Brief: Go over the listing below line by line, and return each one holding the string "close".
========================================================================
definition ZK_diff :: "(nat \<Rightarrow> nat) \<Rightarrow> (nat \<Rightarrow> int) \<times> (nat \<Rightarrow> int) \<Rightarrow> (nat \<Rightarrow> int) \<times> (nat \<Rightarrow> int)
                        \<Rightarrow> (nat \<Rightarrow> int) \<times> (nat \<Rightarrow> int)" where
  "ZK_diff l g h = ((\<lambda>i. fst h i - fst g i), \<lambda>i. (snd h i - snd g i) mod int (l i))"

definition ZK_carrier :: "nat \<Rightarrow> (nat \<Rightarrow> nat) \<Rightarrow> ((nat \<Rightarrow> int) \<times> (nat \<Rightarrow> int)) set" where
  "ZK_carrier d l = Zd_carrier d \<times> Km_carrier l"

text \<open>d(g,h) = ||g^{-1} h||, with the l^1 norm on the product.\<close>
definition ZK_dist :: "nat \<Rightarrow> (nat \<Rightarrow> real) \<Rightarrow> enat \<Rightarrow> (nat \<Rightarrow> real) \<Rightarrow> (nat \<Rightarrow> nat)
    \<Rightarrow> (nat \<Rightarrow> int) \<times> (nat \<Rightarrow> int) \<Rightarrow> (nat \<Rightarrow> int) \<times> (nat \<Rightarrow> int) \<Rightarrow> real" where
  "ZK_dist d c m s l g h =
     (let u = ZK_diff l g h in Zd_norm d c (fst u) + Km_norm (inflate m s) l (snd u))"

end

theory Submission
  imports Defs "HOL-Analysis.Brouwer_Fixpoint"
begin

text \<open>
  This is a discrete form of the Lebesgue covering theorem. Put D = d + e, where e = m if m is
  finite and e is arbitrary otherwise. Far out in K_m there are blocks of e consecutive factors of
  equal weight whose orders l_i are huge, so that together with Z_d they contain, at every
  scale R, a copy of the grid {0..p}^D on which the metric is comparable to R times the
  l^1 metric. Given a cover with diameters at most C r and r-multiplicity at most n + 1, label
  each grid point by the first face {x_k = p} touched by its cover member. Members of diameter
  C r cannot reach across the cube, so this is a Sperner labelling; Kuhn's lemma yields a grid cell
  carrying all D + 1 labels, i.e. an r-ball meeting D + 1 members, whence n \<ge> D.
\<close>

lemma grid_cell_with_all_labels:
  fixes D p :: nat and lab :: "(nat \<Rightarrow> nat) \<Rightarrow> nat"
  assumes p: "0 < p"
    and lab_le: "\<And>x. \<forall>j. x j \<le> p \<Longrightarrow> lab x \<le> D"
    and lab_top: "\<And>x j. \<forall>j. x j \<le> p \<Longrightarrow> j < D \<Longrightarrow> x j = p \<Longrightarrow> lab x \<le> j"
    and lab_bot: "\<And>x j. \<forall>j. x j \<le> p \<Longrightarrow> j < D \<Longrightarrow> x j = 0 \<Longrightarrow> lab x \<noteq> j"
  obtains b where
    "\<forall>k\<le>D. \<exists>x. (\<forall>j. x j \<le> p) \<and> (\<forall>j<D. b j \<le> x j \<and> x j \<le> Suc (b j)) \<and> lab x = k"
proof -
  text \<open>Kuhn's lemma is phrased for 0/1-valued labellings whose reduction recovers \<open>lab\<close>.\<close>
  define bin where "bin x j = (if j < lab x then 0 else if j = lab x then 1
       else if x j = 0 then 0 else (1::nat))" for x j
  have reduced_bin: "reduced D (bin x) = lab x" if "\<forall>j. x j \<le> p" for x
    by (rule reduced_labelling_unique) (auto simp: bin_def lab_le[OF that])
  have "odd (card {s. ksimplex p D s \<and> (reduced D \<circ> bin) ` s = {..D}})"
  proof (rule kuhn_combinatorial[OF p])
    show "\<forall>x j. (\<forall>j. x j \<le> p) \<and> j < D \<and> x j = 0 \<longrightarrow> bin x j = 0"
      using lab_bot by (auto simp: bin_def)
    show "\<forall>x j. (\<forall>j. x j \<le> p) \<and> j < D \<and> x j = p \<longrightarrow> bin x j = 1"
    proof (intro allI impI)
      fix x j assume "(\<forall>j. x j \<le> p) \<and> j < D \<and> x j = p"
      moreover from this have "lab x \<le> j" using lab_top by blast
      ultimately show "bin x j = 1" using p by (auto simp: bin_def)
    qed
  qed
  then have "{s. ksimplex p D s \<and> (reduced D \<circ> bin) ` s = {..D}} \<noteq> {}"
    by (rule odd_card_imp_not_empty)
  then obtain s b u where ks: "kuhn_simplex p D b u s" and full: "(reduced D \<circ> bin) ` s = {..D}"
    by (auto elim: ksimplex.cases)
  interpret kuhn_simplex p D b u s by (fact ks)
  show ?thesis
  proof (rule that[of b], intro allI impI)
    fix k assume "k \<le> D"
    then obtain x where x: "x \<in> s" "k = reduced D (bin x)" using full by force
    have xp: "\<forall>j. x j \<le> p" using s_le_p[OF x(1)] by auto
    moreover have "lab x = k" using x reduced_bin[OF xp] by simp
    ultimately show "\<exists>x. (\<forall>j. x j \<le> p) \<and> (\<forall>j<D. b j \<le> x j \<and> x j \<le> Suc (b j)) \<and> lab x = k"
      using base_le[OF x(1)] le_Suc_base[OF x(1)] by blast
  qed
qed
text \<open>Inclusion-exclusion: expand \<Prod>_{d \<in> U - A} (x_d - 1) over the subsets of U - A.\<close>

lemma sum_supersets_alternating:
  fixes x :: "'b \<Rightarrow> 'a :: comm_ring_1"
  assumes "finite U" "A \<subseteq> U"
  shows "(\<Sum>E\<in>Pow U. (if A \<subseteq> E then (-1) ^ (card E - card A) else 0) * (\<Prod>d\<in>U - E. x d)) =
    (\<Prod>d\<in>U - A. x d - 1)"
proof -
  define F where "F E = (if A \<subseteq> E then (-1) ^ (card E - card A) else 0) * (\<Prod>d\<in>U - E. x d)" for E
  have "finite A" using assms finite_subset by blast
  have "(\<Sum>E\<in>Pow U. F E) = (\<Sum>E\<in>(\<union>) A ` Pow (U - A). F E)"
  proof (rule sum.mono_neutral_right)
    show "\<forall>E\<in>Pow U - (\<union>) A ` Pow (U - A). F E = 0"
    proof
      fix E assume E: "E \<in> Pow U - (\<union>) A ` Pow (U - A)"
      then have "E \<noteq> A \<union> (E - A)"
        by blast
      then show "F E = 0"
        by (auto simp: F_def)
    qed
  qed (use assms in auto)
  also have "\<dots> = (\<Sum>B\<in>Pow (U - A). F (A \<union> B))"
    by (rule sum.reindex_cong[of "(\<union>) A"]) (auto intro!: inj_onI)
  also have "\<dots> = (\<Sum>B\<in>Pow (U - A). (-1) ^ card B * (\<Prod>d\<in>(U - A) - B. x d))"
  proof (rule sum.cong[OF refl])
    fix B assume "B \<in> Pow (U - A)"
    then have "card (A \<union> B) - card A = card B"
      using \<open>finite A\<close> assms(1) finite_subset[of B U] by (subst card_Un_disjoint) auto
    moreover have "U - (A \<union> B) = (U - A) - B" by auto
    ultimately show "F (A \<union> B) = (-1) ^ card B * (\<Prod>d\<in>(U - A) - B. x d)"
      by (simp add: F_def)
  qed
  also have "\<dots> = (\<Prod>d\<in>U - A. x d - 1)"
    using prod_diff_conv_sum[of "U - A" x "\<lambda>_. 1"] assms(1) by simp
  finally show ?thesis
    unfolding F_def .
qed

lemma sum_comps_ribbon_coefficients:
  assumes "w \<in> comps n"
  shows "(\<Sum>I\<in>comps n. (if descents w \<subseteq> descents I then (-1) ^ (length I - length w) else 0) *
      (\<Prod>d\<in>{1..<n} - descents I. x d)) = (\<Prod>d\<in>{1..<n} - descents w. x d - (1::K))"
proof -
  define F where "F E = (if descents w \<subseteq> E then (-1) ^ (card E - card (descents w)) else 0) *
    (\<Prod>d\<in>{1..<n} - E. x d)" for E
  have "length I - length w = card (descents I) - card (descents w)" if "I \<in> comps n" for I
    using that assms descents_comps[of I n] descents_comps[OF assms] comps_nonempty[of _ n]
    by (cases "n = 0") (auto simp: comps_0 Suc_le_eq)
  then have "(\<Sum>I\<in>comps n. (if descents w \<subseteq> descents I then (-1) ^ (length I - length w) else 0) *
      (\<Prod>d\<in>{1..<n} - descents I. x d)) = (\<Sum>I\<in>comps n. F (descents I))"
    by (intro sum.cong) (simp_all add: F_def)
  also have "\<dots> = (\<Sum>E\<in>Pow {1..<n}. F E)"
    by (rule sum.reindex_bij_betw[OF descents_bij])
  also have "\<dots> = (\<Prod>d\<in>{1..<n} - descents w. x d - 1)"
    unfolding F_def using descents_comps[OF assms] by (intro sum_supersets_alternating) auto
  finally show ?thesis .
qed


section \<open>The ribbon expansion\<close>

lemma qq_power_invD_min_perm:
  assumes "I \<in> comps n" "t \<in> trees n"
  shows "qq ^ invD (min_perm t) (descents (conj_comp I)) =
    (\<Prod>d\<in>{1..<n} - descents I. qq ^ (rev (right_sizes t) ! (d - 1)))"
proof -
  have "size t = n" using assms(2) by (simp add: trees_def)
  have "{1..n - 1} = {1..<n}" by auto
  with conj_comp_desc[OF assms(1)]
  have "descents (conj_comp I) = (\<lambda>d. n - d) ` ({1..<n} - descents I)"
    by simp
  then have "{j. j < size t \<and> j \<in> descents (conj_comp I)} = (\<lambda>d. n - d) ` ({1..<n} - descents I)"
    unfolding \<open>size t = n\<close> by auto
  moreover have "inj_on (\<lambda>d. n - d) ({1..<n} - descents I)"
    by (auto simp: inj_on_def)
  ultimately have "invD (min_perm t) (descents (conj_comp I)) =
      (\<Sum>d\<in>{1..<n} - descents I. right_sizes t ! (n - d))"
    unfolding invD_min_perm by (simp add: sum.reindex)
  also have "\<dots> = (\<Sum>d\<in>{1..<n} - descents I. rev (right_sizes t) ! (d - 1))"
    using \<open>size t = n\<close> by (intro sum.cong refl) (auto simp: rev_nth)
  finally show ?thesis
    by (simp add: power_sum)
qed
========================================================================
Problem solution:
text \<open>d(g,h) = ||g^{-1} h||, with the l^1 norm on the product.\<close>
\<close>
  text \<open>Kuhn's lemma is phrased for 0/1-valued labellings whose reduction recovers \<open>lab\<close>.\<close>
text \<open>Inclusion-exclusion: expand \<Prod>_{d \<in> U - A} (x_d - 1) over the subsets of U - A.\<close>
      using \<open>finite A\<close> assms(1) finite_subset[of B U] by (subst card_Un_disjoint) auto
section \<open>The ribbon expansion\<close>
    unfolding \<open>size t = n\<close> by auto
    using \<open>size t = n\<close> by (intro sum.cong refl) (auto simp: rev_nth)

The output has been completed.